Politik Uang dalam Perspektif Hukum Positif
Secara sederhana politik uang dapat diartikan sebagai cara menggunakan uang secara haram untuk mempengaruhi keputusan tertentu. Artinya uang dijadikan alat untuk memengaruhi seseorang dalam menentukan pilihan sesuai dengan keinginan si pemberi uang dalam pelaksanaan pemilu. Atau dengan kata lain politik uang merupakan praktik kontra demokrasi.
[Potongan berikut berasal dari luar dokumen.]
(* Let $w$ be a primitive word over $\mathcal{A}=\{a_1<a_2<\dots<a_k\}$ that is $\pi$-clustering for $\mathcal{A}$ for some $\pi\in S_{\mathcal{A}}$. Let $a,b$ be distinct letters. (1) If $\mu\in S_{\mathcal{A}}$, then $\mu(w)$ is $\pi'$-clustering for $\mathcal{A}'=\{\mu(a_1)<\dots<\mu(a_k)\}$ for some $\pi'\in S_{\mathcal{A}'}$. (2) If $a\in\mathcal{A}$, $b=a_1$, $\pi^{-1}(a)=a_i$ and $\pi^{-1}(b)=a_{i+1}$ for some $1\le i<k$, then $\alpha_{a,b}(w)\in\mathcal{A}^*$ is $\pi'$-clustering for $\mathcal{A}$ for some $\pi'\in S_{\mathcal{A}}$. (3) If $a\in\mathcal{A}$, $b=a_k$, $\pi^{-1}(b)=a_i$ and $\pi^{-1}(a)=a_{i+1}$ for some $1\le i<k$, then $\alpha_{a,b}(w)\in\mathcal{A}^*$ is $\pi'$-clustering for $\mathcal{A}$ for some $\pi'\in S_{\mathcal{A}}$. (4) If $\pi^{-1}(b)=a_1$, $a=a_i$ and $b=a_{i+1}$ for some $1\le i<k$, then $\tilde{\alpha}_{a,b}(w)$ is $\pi'$-clustering for $\mathcal{A}'=\{a_i<a_1<\dots<a_{i-1}<a_{i+1}<\dots<a_k\}$ for some $\pi'\in S_{\mathcal{A}'}$. (5) If $\pi^{-1}(b)=a_k$, $b=a_i$ and $a=a_{i+1}$ for some $1\le i<k$, then $\tilde{\alpha}_{a,b}(w)$ is $\pi'$-clustering for $\mathcal{A}'=\{a_1<\dots<a_i<a_{i+2}<\dots<a_k<a_{i+1}\}$ for some $\pi'\in S_{\mathcal{A}'}$. (6) If $a\in\mathcal{A}$ and $b\notin\mathcal{A}$, then $\alpha_{a,b}(w)$ is $\pi'$-clustering for $\mathcal{A}'=\{a_1<\dots<a_k<b\}$ for some $\pi'\in S_{\mathcal{A}'}$, and it is also $\pi''$-clustering for $\mathcal{A}''=\{b<a_1<\dots<a_k\}$ for some $\pi''\in S_{\mathcal{A}''}$. (7) If $\mathcal{B}=\{b_1<\dots<b_h\}$ is disjoint from $\mathcal{A}$, then $\iota_{\mathcal{A},\mathcal{B}}(w)$ is $\pi'$-clustering for $\mathcal{A}'=\{a_1<\dots<a_k<b_1<\dots<b_h\}$ for some $\pi'\in S_{\mathcal{A}'}$.
   Context: A word is primitive if it is not of the form $u^d$ with $d\ge2$. For an ordered alphabet $\mathcal{C}=\{c_1<\dots<c_m\}$ and a word $v$ of length $n$ over $\mathcal{C}$, $\mathrm{bwt}_{\mathcal{C}}(v)$ is the word formed by the last letters of the $n$ cyclic rotations of $v$ sorted lexicographically with respect to the order of $\mathcal{C}$. For $\tau\in S_{\mathcal{C}}$ (a permutation of $\mathcal{C}$), $v$ is $\tau$-clustering for $\mathcal{C}$ if $\mathrm{bwt}_{\mathcal{C}}(v)=\tau(c_1)^{k_1}\cdots\tau(c_m)^{k_m}$ with $k_i=|v|_{\tau(c_i)}$ (number of occurrences). A permutation $\mu$ acts on words letter by letter. For distinct letters $a,b$, $\alpha_{a,b}$ is the morphism $a\mapsto ab$, $c\mapsto c$ ($c\neq a$), and $\tilde{\alpha}_{a,b}$ is the morphism $a\mapsto ba$, $c\mapsto c$ ($c\neq a$). $\iota_{\mathcal{A},\mathcal{B}}$ is the inclusion $\mathcal{A}^*\to(\mathcal{A}\sqcup\mathcal{B})^*$. *)

theory Defs
  imports "HOL-Combinatorics.Permutations" "HOL-Library.List_Lexorder"
begin

text \<open>An ordered alphabet c_1 < ... < c_m is a distinct list C; the order on letters
is the position in C (rank = number of letters preceding it). Words are lists.\<close>

definition primitive :: "'a list \<Rightarrow> bool" where
  "primitive v \<longleftrightarrow> \<not> (\<exists>u d. d \<ge> 2 \<and> v = concat (replicate d u))"

text \<open>Lexicographic order of words with respect to the order of C: compare
the words after mapping each letter to its rank in C.\<close>
definition rotations :: "'a list \<Rightarrow> 'a list list" where
  "rotations v = map (\<lambda>i. rotate i v) [0..<length v]"

definition bwt :: "'a list \<Rightarrow> 'a list \<Rightarrow> 'a list" where
  "bwt C v = map last (sort_key (\<lambda>r. map (\<lambda>c. length (takeWhile (\<lambda>x. x \<noteq> c) C)) r) (rotations v))"

definition clustering :: "'a list \<Rightarrow> ('a \<Rightarrow> 'a) \<Rightarrow> 'a list \<Rightarrow> bool" where
  "clustering C \<tau> v \<longleftrightarrow> set v \<subseteq> set C \<and> \<tau> permutes set C \<and>
     bwt C v = concat (map (\<lambda>c. replicate (count_list v (\<tau> c)) (\<tau> c)) C)"

definition alpha :: "'a \<Rightarrow> 'a \<Rightarrow> 'a list \<Rightarrow> 'a list" where
  "alpha a b v = concat (map (\<lambda>c. if c = a then [a, b] else [c]) v)"

definition alpha_tilde :: "'a \<Rightarrow> 'a \<Rightarrow> 'a list \<Rightarrow> 'a list" where
  "alpha_tilde a b v = concat (map (\<lambda>c. if c = a then [b, a] else [c]) v)"

end

theory Submission
  imports Defs
begin

text \<open>
  Let D = \<pi>(a1) ... \<pi>(ak) be the order in which the letters occur in the BWT. Then w is
  \<pi>-clustering for A if and only if, for any two rotations x < y of w in the lexicographic
  order induced by A, the letter last x does not come after last y in D; all seven
  statements are proved through this criterion.
  A rotation of alpha a b w (or of alpha_tilde a b w) is either the image of a rotation of w,
  and these images keep their relative order, or it cuts the image ab (resp. ba) of an
  occurrence of a, and all these rotations end with a (resp. b); the hypotheses on the
  positions of a and b in A and D are what is needed to place the cut rotations consistently.
  Reversing both orders preserves clustering, which reduces (3) and (5) to (2) and (4).
  Letters that do not occur in w can be inserted anywhere into both orders, which gives (7)
  and reduces (6) to (2) and (3).
\<close>

section \<open>Ranks in an ordered alphabet\<close>

text \<open>The sort key of bwt; a letter outside C gets the junk rank length C.\<close>

definition rank :: "'a list \<Rightarrow> 'a \<Rightarrow> nat" where
  "rank C c = length (takeWhile (\<lambda>x. x \<noteq> c) C)"

lemma rank_Nil [simp]: "rank [] c = 0"
  by (simp add: rank_def)

lemma rank_Cons [simp]: "rank (x # C) c = (if x = c then 0 else Suc (rank C c))"
  by (simp add: rank_def)

lemma rank_append:
  "rank (C @ C') c = (if c \<in> set C then rank C c else length C + rank C' c)"
  by (induction C) auto

lemma rank_less_length: "c \<in> set C \<Longrightarrow> rank C c < length C"
  by (induction C) auto

lemma nth_rank: "c \<in> set C \<Longrightarrow> C ! rank C c = c"
  by (induction C) auto

lemma rank_nth: "distinct C \<Longrightarrow> j < length C \<Longrightarrow> rank C (C ! j) = j"
  by (induction C arbitrary: j) (auto simp: nth_Cons split: nat.split)

lemma inj_on_rank: "inj_on (rank C) (set C)"
  by (metis inj_onI nth_rank)

lemma rank_map: "inj_on \<mu> (set C) \<Longrightarrow> c \<in> set C \<Longrightarrow> rank (map \<mu> C) (\<mu> c) = rank C c"
  by (induction C) (auto simp: inj_on_def)

lemma rank_rev:
  "distinct C \<Longrightarrow> c \<in> set C \<Longrightarrow> rank (rev C) c = length C - Suc (rank C c)"
  by (induction C) (auto simp: rank_append less_Suc_eq_le rank_less_length)

lemma rank_eq_rank_iff: "c \<in> set C \<Longrightarrow> rank C c = rank C d \<longleftrightarrow> c = d"
  by (induction C) auto

lemma rank_rev_less_iff:
  assumes "distinct C" "c \<in> set C" "d \<in> set C"
  shows "rank (rev C) c < rank (rev C) d \<longleftrightarrow> rank C d < rank C c"
proof -
  have "rank C c < length C" "rank C d < length C"
    using assms by (simp_all add: rank_less_length)
  then show ?thesis
    using assms by (simp add: rank_rev) arith
qed

lemma rank_remove1:
  "c \<in> set C \<Longrightarrow> c \<noteq> a \<Longrightarrow>
    rank (remove1 a C) c = (if rank C c < rank C a then rank C c else rank C c - 1)"
proof (induction C)
  case (Cons x C)
  have "rank C c \<noteq> rank C a" if "c \<in> set C"
    using that Cons.prems(2) rank_eq_rank_iff by metis
  with Cons show ?case by auto
qed simp

lemma rank_Cons_remove1:
  assumes "c \<in> set C" "c \<noteq> a"
  shows "rank (a # remove1 a C) c = (if rank C c < rank C a then Suc (rank C c) else rank C c)"
proof -
  have "rank C c \<noteq> rank C a"
    using assms rank_eq_rank_iff by metis
  then show ?thesis
    using assms by (simp add: rank_remove1)
qed

lemma rank_Cons_remove1_less_iff:
  assumes "c \<in> set C" "d \<in> set C" "c \<noteq> a" "d \<noteq> a"
  shows "rank (a # remove1 a C) c < rank (a # remove1 a C) d \<longleftrightarrow> rank C c < rank C d"
proof -
  have "rank C c \<noteq> rank C a" "rank C d \<noteq> rank C a"
    using assms rank_eq_rank_iff by metis+
  then show ?thesis
    unfolding rank_Cons_remove1[OF assms(1,3)] rank_Cons_remove1[OF assms(2,4)] by auto
qed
Adapun yang dimaksud dengan Pemilu ialah sarana kedaulatan rakyat untuk memilih anggota DPR, anggota DPD, Presiden dan Wakil Presiden, dan untuk memeilih anggota DPRD yang dilaksanakan secara langsung, bebas, rahasia, jujur, adil dalam Negara Kesatuan Republik Indonesia berdasarkan Pancasila dan UUD RI Tahun 1945.
Tentu kita sepakat bahwa sejarah pembentukan dan perkembangan Negara Hukum atau Rechstaat salah satunya bercirikan adanya principle of legality yang menentukan bahwa tidak ada perbuatan yang dilarang dan diancam dengan pidana jika tidak ditentukan terlebih dahulu dalam perundang-udangan atau biasanya disebut juga nulum delictum nulla poena sine paraevia lege (tidak ada delik, tidak ada pidana tanpa peraturan lebih dulu). Konsekuensi dari makna ini adalah bahwa penindakan terhadap suatu pelanggaran dan kejahatan pemilu haruslah diatur terlebih dahulu dalam perundang-undangan. Sehingga dalam implementasi penindakan tidak melanggar hukum, tidak terjadi abuse of authority.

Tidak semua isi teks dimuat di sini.